Use of 3D visualisation to enhance groundwater stable isotope data and its interpretation, Lockyer Valley, southeast Queensland
Cox, Malcolm, Raiber, Matthias, Hawke, Amy, & James, Allan (2011) Use of 3D visualisation to enhance groundwater stable isotope data and its interpretation, Lockyer Valley, southeast Queensland. In 11th Australasian Environmental Isotope Conference and 4th Australasian Hydrogeology, 12th - 14th July 2011, Rydges Tradewinds, Cairns, QLD. (Unpublished)
The use of stable isotope ratios δ18O and δ2H are well established in assessment of groundwater systems and their hydrology. The conventional approach is based on x/y plots and relation to various MWL’s, and plots of either ratio against parameters such as Clor EC. An extension of interpretation is the use of 2D maps and contour plots, and 2D hydrogeological vertical sections. An enhancement of presentation and interpretation is the production of “isoscapes”, usually as 2.5D surface projections.
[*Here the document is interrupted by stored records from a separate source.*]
lemma pmf_hist: "pmf (hist alg H p t) y = (if y \<in> histories t then hist_weight p y else 0)"
proof (induction t arbitrary: y)
  case 0
  then show ?case by (auto simp: histories_def)
next
  case (Suc t)
  let ?next = "\<lambda>h i. pmf (map_pmf (\<lambda>j. h @ [(i, H i j)]) p) y"
  have "pmf (hist alg H p (Suc t)) y
      = (\<Sum>h\<in>histories t. hist_weight p h * (\<Sum>i\<in>UNIV. pmf (alg h) i * ?next h i))"
    by (simp add: pmf_bind integral_pmf_eq_sum[OF finite_histories set_pmf_hist] Suc.IH
        integral_pmf_eq_sum[of UNIV] cong: sum.cong)
  also have "\<dots> = (if y \<in> histories (Suc t) then hist_weight p y else 0)"
  proof (cases "y \<in> histories (Suc t)")
    case True
    then obtain h0 i0 s0 where y: "y = h0 @ [(i0, s0)]" and h0: "h0 \<in> histories t"
      unfolding histories_Suc by auto
    have "(\<Sum>h\<in>histories t. hist_weight p h * (\<Sum>i\<in>UNIV. pmf (alg h) i * ?next h i))
        = (\<Sum>h\<in>histories t. if h = h0
             then hist_weight p h0 * (pmf (alg h0) i0 * pmf (signal_dist H i0 p) s0) else 0)"
      unfolding y pmf_map_snoc by (intro sum.cong) (auto simp: if_distrib cong: if_cong)
    also have "\<dots> = hist_weight p y"
      using h0 by (simp add: finite_histories y hist_weight_snoc step_prob_def)
    finally show ?thesis using True by simp
  next
    case False
    then have "?next h i = 0" if "h \<in> histories t" for h i
      using that by (auto simp: pmf_eq_0_set_pmf histories_def)
    with False show ?thesis by simp
  qed
  finally show ?case .
qed
(* Let $(V,\varrho,K)$ be a representation of a difference Lie algebra $(\mathfrak g,D)$. Set $\mathfrak C^1=\mathrm{Hom}(\mathfrak g,V)$ and $\mathfrak C^n=\mathrm{Hom}(\wedge^n\mathfrak g,V)\oplus\mathrm{Hom}(\wedge^{n-1}\mathfrak g,V)$ for $n\ge2$, and define $\delta_\varrho:\mathfrak C^n\to\mathfrak C^{n+1}$ by $\delta_\varrho(f,\theta)=(d^{CE}_\varrho f,\ \partial\theta+T(f))$ (for $n=1$, $\delta_\varrho f=(d^{CE}_\varrho f,T(f))$). Then $\delta_\varrho\circ\delta_\varrho=0$.
   Context: A difference Lie algebra $(\mathfrak g,D)$: a Lie algebra with linear $D$ such that $D[x,y]=[x,D(y)]-[y,D(x)]+[D(x),D(y)]$. A representation $(V,\varrho,K)$: a Lie algebra representation $\varrho:\mathfrak g\to\mathfrak{gl}(V)$ and linear $K:V\to V$ with $K(\varrho(x)u)=\varrho(D(x))u+\varrho(x)K(u)+\varrho(D(x))K(u)$. $d^{CE}_\varrho$ is the Chevalley–Eilenberg differential of $\mathfrak g$ with coefficients in $(V,\varrho)$. For $\theta\in\mathrm{Hom}(\wedge^{n-1}\mathfrak g,V)$: $\partial\theta(x_1,\dots,x_n)=\sum_{i=1}^n(-1)^{i+1}\varrho(x_i)\theta(x_1,\dots,\hat x_i,\dots,x_n)+\sum_{i=1}^n(-1)^{i+1}\varrho(D(x_i))\theta(x_1,\dots,\hat x_i,\dots,x_n)+\sum_{i<j}(-1)^{i+j}\theta([x_i,x_j],x_1,\dots,\hat x_i,\dots,\hat x_j,\dots,x_n)$. For $f\in\mathrm{Hom}(\wedge^n\mathfrak g,V)$: $T(f)(x_1,\dots,x_n)=(-1)^n\big(\sum_{k=1}^n\sum_{1\le i_1<\cdots<i_k\le n}f(y_1,\dots,y_n)-K(f(x_1,\dots,x_n))\big)$, where $y_j=D(x_j)$ if $j\in\{i_1,\dots,i_k\}$ and $y_j=x_j$ otherwise. *)

theory Defs
  imports Main "HOL.Vector_Spaces"
begin
(* Let $\mathcal{M}$ be a set of mappings over a schema $\Sigma$, $\mathcal{D}$ a database instance of $\Sigma$, and $q(\vec x)\leftarrow L_1(\vec v_1),\dots,L_n(\vec v_n)$ a conjunctive query such that $\vec x=\bigcup_{i=1}^n\vec v_i$ (as sets of variables). Then $$|\mathrm{unf}(q(\vec x),\mathcal{M})^{\mathcal{D}}|=\sum_{q_u\in\mathrm{unf}(q,\mathrm{wrap}(\mathcal{M}))}|q_u(\vec x)^{\mathcal{D}}|,$$ where the sum ranges over the conjunctive queries (rules) $q_u$ of the unfolding of $q$ with respect to $\mathrm{wrap}(\mathcal{M})$.
   Context: A mapping is $L(\vec f(\vec x))\leftsquigarrow V(\vec x)$ with $L$ a concept or role name, $\vec f(\vec x)$ a tuple of terms each of the form $g(\vec y)$ ($g$ a function symbol, $\vec y\subseteq\vec x$), and $V$ a view name with extension $V^{\mathcal{D}}$ given by a query over $\Sigma$. Signature: $\mathrm{sign}(m)=(L,\vec f)$. Unfolding of a CQ $q(\vec x)\leftarrow L_1(\vec v_1),\dots,L_n(\vec v_n)$: the non-recursive Datalog query $(q_{\mathrm{unf}}(\vec x),\Pi)$ where $\Pi$ is a minimal (up to renaming) set of rules containing, for every tuple $(m_1,\dots,m_n)$ of mappings with $m_i=L_i(\vec f_i(\vec x_i))\leftsquigarrow V_i(\vec z_i)$ and every mgu $\sigma$ of $\{(L_i(\vec v_i),L_i(\vec f_i(\vec x_i)))\}$, the rule $q_{\mathrm{unf}}(\sigma(\vec x))\leftarrow V_1(\sigma(\vec z_1)),\dots,V_n(\sigma(\vec z_n))$; answers are (sets of) tuples of terms $f(\vec a)$. Wrap: for each signature $(L,\vec f)$, if the mappings of that signature are $\{L(\vec f(\vec v_i))\leftsquigarrow V_i(\vec v_i)\mid 1\le i\le k\}$, they are replaced by the single mapping $L(\vec f(\vec v))\leftsquigarrow W(\vec v)$ with fresh variables $\vec v$ and $W$ a fresh view for the Datalog query $(W(\vec v),\{W(\vec v_i)\leftarrow V_i(\vec v_i)\}_i)$ (so $W^{\mathcal{D}}=\bigcup_iV_i^{\mathcal{D}}$); $\mathrm{wrap}(\mathcal{M})$ is the union of these over all signatures. *)

theory Defs
  imports Main
begin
We have applied groundwater isotopic data to a 3D visualisation, using the alluvial aquifer system of the Lockyer Valley. The 3D framework is produced in GVS (Groundwater Visualisation System).
This format enables enhanced presentation by displaying the spatial relationships and allowing interpolation between “data points” i.e. borehole screened zones where groundwater enters.
The relative variations in the δ18O and δ2H values are similar in these ambient temperature systems. However, δ2H better reflects hydrological processes, whereas δ18O also reflects aquifer/groundwater exchange reactions. The 3D model has the advantage that it displays borehole relations to spatial features, enabling isotopic ratios and their values to be associated with, for example, bedrock groundwater mixing, interaction between aquifers, relation to stream recharge, and to near-surface and return irrigation water evaporation. Some specific features are also shown, such as zones of leakage of deeper groundwater (in this case with a GAB signature).
Variations in source of recharging water at a catchment scale can be displayed. Interpolation between bores is not always possible depending on numbers and spacing, and by elongate configuration of the alluvium. In these cases, the visualisation uses discs around the screens that can be manually expanded to test extent or intersections. Separate displays are used for each of δ18O and δ2H and colour coding for isotope values.